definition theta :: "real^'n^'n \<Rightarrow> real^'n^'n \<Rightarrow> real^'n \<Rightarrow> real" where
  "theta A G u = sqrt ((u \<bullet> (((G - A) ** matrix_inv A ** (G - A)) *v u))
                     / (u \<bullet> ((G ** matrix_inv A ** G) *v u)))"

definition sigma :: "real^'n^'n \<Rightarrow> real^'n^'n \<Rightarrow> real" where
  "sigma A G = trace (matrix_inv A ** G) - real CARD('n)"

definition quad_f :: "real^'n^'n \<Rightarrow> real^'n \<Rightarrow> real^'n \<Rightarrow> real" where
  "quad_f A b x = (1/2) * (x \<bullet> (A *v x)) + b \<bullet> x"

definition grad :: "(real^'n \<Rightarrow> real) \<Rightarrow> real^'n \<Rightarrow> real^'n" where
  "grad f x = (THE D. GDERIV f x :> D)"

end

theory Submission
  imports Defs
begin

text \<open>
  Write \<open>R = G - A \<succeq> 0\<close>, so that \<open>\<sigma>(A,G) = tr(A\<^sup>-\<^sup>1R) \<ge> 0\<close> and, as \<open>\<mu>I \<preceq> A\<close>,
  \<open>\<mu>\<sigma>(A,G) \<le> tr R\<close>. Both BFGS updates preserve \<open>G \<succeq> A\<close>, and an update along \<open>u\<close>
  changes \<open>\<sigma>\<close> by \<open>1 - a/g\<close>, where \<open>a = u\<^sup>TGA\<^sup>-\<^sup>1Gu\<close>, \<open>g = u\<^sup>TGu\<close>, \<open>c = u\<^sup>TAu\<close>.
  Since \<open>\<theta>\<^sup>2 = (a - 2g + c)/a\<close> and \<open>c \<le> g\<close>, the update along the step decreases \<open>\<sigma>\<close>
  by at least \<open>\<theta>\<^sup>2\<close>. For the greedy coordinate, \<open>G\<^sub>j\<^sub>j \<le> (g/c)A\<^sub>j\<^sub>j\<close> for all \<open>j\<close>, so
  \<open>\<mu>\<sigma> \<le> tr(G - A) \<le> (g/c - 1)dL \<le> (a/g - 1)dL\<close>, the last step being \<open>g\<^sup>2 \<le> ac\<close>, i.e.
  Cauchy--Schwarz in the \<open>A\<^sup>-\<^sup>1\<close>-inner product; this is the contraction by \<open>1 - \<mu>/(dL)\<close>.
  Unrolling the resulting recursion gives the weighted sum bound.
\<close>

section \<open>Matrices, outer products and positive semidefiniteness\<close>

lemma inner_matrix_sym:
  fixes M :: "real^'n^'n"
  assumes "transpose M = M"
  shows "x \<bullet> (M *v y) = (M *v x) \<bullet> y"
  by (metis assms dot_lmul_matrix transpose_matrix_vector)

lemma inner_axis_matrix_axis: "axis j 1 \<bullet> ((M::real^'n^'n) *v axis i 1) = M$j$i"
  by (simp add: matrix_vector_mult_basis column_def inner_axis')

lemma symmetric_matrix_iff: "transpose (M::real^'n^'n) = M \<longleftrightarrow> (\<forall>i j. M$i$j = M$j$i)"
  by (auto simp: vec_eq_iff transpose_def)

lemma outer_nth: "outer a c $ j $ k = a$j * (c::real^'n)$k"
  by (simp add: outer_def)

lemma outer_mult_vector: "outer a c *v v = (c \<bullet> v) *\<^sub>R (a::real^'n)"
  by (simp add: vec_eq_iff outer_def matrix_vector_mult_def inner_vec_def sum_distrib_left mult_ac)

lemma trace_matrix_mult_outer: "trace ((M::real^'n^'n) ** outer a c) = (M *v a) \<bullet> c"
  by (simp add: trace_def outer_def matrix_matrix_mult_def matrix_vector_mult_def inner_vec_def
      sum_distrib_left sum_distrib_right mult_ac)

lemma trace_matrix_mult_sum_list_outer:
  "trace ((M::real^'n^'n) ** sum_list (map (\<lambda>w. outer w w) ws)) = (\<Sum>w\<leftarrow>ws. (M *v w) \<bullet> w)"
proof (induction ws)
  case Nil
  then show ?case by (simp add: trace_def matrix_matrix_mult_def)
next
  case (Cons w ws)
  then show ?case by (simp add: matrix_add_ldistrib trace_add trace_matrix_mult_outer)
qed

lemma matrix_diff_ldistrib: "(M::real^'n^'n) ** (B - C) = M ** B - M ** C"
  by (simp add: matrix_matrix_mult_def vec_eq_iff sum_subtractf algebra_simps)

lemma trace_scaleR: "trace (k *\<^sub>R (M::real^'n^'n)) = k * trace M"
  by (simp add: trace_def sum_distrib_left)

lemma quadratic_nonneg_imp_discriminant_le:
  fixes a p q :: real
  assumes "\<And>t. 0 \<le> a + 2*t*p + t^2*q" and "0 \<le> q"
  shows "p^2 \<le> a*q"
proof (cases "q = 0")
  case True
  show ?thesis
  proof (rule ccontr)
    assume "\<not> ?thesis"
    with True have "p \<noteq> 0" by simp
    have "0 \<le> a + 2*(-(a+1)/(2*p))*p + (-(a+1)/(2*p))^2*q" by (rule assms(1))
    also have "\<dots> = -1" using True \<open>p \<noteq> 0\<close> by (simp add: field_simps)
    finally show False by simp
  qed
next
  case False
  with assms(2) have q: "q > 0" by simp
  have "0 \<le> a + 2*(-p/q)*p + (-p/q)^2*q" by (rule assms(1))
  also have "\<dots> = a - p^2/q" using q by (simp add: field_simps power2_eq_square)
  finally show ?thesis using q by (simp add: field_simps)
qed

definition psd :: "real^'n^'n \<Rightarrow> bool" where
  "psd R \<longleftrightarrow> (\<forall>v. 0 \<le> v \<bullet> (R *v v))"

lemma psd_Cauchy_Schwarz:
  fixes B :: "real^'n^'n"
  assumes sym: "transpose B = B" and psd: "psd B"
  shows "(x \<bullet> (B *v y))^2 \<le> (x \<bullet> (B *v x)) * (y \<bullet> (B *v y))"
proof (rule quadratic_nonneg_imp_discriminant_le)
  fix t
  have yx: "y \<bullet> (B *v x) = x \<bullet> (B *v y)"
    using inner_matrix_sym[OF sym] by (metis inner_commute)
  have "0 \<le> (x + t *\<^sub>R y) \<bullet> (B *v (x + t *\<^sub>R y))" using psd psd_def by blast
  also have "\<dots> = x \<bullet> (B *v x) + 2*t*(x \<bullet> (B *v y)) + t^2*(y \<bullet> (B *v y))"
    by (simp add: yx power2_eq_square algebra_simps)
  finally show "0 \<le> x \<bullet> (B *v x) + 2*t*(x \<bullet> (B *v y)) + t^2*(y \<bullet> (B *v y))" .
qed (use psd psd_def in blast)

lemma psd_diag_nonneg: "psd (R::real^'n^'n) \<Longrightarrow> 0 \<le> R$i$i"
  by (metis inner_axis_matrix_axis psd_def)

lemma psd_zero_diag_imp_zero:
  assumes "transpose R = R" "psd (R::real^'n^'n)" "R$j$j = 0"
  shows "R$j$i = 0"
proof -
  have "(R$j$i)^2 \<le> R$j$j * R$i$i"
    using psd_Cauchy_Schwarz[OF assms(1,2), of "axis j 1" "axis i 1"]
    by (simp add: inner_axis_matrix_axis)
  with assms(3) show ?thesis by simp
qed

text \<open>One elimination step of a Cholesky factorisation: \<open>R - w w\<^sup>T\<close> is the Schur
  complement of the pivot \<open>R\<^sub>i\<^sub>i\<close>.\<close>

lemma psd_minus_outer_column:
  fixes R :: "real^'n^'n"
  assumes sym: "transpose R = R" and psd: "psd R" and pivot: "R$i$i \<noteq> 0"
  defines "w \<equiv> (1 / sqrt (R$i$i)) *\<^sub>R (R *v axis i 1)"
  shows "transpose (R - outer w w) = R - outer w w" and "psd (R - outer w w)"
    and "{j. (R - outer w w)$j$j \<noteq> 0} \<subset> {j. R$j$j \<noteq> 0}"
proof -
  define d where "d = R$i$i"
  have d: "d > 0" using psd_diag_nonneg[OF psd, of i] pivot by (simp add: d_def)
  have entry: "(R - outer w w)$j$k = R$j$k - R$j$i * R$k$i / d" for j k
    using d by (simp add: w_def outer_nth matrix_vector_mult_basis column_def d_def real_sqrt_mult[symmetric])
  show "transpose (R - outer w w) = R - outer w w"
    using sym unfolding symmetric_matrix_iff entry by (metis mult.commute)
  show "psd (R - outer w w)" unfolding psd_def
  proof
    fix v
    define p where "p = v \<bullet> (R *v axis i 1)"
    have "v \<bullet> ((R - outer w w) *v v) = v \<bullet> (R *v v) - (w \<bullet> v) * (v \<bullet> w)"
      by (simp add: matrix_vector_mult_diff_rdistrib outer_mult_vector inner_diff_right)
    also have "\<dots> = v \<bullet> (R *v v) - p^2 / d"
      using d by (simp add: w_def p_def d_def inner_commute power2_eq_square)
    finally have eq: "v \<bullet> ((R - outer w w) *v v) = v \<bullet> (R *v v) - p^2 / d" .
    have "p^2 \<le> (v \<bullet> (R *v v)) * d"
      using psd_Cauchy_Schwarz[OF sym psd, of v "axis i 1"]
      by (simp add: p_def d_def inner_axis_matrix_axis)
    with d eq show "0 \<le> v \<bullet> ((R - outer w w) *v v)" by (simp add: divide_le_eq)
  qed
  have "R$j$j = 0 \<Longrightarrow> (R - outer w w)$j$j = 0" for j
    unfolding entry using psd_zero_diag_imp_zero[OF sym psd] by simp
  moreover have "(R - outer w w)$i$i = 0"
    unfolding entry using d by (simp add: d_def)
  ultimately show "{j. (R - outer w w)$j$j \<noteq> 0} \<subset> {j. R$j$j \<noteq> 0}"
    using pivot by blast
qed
* * *
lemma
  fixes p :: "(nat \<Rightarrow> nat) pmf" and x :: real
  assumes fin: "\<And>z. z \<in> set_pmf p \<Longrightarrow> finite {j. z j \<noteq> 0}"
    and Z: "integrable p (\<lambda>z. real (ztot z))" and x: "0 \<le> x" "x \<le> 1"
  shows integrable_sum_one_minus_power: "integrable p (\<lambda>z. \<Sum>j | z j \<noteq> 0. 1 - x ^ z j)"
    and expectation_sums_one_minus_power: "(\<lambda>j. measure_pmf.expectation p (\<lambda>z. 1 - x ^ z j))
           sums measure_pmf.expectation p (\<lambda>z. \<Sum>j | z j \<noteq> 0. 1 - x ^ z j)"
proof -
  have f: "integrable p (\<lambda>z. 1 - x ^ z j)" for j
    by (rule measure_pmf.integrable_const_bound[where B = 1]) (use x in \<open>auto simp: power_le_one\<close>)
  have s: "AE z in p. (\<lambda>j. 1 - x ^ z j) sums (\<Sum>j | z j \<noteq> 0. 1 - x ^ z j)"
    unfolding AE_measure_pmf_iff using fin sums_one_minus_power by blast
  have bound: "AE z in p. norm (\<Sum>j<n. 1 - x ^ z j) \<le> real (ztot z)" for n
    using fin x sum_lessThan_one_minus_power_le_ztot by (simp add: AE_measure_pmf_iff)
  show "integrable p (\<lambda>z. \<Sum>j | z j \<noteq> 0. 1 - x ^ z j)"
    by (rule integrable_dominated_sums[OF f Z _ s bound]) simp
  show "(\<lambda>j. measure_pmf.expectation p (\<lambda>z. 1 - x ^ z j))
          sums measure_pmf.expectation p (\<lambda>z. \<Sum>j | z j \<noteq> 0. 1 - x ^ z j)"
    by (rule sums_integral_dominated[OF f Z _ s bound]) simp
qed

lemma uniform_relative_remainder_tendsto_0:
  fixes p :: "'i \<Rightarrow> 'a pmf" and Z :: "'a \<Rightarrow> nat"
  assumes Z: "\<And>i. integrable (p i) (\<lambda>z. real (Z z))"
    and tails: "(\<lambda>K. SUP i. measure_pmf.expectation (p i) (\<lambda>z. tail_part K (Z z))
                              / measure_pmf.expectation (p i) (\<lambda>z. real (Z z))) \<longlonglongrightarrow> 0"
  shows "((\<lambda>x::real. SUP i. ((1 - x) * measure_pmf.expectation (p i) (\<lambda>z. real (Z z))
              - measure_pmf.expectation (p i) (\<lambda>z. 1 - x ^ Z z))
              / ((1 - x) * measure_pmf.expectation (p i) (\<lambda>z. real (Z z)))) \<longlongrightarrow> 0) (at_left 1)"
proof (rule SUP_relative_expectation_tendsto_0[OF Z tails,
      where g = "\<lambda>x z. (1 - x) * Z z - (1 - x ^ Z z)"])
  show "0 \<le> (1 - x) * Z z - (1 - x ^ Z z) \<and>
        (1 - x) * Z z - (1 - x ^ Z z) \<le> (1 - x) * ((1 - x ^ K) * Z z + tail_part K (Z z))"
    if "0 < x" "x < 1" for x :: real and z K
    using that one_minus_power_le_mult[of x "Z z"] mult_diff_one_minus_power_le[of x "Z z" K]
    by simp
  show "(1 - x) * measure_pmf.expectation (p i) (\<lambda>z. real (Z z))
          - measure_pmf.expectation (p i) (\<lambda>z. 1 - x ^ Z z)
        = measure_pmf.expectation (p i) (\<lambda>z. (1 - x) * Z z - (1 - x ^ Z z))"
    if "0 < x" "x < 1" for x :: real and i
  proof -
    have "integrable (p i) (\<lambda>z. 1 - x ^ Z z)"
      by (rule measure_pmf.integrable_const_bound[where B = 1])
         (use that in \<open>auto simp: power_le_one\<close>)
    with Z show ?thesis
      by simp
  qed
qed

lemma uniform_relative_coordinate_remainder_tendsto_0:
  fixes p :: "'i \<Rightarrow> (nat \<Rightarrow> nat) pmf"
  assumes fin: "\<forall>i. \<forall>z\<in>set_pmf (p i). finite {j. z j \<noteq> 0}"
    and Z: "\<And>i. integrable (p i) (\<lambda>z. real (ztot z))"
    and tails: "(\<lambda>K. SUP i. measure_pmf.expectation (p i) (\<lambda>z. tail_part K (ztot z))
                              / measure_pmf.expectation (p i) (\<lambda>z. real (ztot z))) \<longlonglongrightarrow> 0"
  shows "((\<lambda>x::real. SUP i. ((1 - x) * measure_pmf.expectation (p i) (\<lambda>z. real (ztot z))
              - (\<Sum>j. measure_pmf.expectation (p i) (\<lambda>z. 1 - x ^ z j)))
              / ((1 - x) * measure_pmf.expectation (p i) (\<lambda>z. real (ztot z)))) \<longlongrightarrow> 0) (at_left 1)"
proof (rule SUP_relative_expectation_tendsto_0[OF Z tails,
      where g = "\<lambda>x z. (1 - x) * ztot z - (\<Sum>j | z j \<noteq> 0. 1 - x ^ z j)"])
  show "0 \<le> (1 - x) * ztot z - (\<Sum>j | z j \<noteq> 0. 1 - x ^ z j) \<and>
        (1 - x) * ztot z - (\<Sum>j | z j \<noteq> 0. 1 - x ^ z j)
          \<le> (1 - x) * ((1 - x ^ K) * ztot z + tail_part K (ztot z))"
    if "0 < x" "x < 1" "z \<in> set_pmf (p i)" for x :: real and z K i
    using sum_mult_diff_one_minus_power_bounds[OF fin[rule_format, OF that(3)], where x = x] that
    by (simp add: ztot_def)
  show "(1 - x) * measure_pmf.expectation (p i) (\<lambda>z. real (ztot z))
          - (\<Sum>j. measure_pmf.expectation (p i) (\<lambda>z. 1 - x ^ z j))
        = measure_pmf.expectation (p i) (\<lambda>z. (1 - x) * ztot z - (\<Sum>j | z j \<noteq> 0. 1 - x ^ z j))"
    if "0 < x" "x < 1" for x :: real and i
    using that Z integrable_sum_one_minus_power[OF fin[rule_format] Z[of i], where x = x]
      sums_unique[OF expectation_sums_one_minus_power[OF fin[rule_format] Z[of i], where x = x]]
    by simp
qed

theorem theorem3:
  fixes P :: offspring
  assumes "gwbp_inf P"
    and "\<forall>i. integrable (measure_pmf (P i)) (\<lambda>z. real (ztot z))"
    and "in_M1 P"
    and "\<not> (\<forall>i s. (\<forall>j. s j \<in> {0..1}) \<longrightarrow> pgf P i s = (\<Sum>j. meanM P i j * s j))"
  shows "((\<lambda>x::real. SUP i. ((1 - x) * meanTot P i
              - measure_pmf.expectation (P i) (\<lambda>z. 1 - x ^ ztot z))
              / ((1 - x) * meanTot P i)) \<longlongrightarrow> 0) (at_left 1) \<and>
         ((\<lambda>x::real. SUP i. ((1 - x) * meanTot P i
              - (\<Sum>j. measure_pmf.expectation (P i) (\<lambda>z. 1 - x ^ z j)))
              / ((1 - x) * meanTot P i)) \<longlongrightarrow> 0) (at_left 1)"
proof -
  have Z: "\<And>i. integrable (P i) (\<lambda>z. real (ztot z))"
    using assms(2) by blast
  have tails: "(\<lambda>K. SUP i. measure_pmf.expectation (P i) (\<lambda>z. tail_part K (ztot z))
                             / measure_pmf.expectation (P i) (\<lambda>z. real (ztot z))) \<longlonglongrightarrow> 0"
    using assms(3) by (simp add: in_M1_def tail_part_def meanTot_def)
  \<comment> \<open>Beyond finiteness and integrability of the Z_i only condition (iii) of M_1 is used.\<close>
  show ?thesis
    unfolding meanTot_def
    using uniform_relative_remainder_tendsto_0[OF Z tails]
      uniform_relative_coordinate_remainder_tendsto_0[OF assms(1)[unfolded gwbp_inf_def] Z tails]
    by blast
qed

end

» **WORK TASK**
Say only how many lines above contain "longlonglongrightarrow", with no other words.

» **YOUR RESPONSE**
3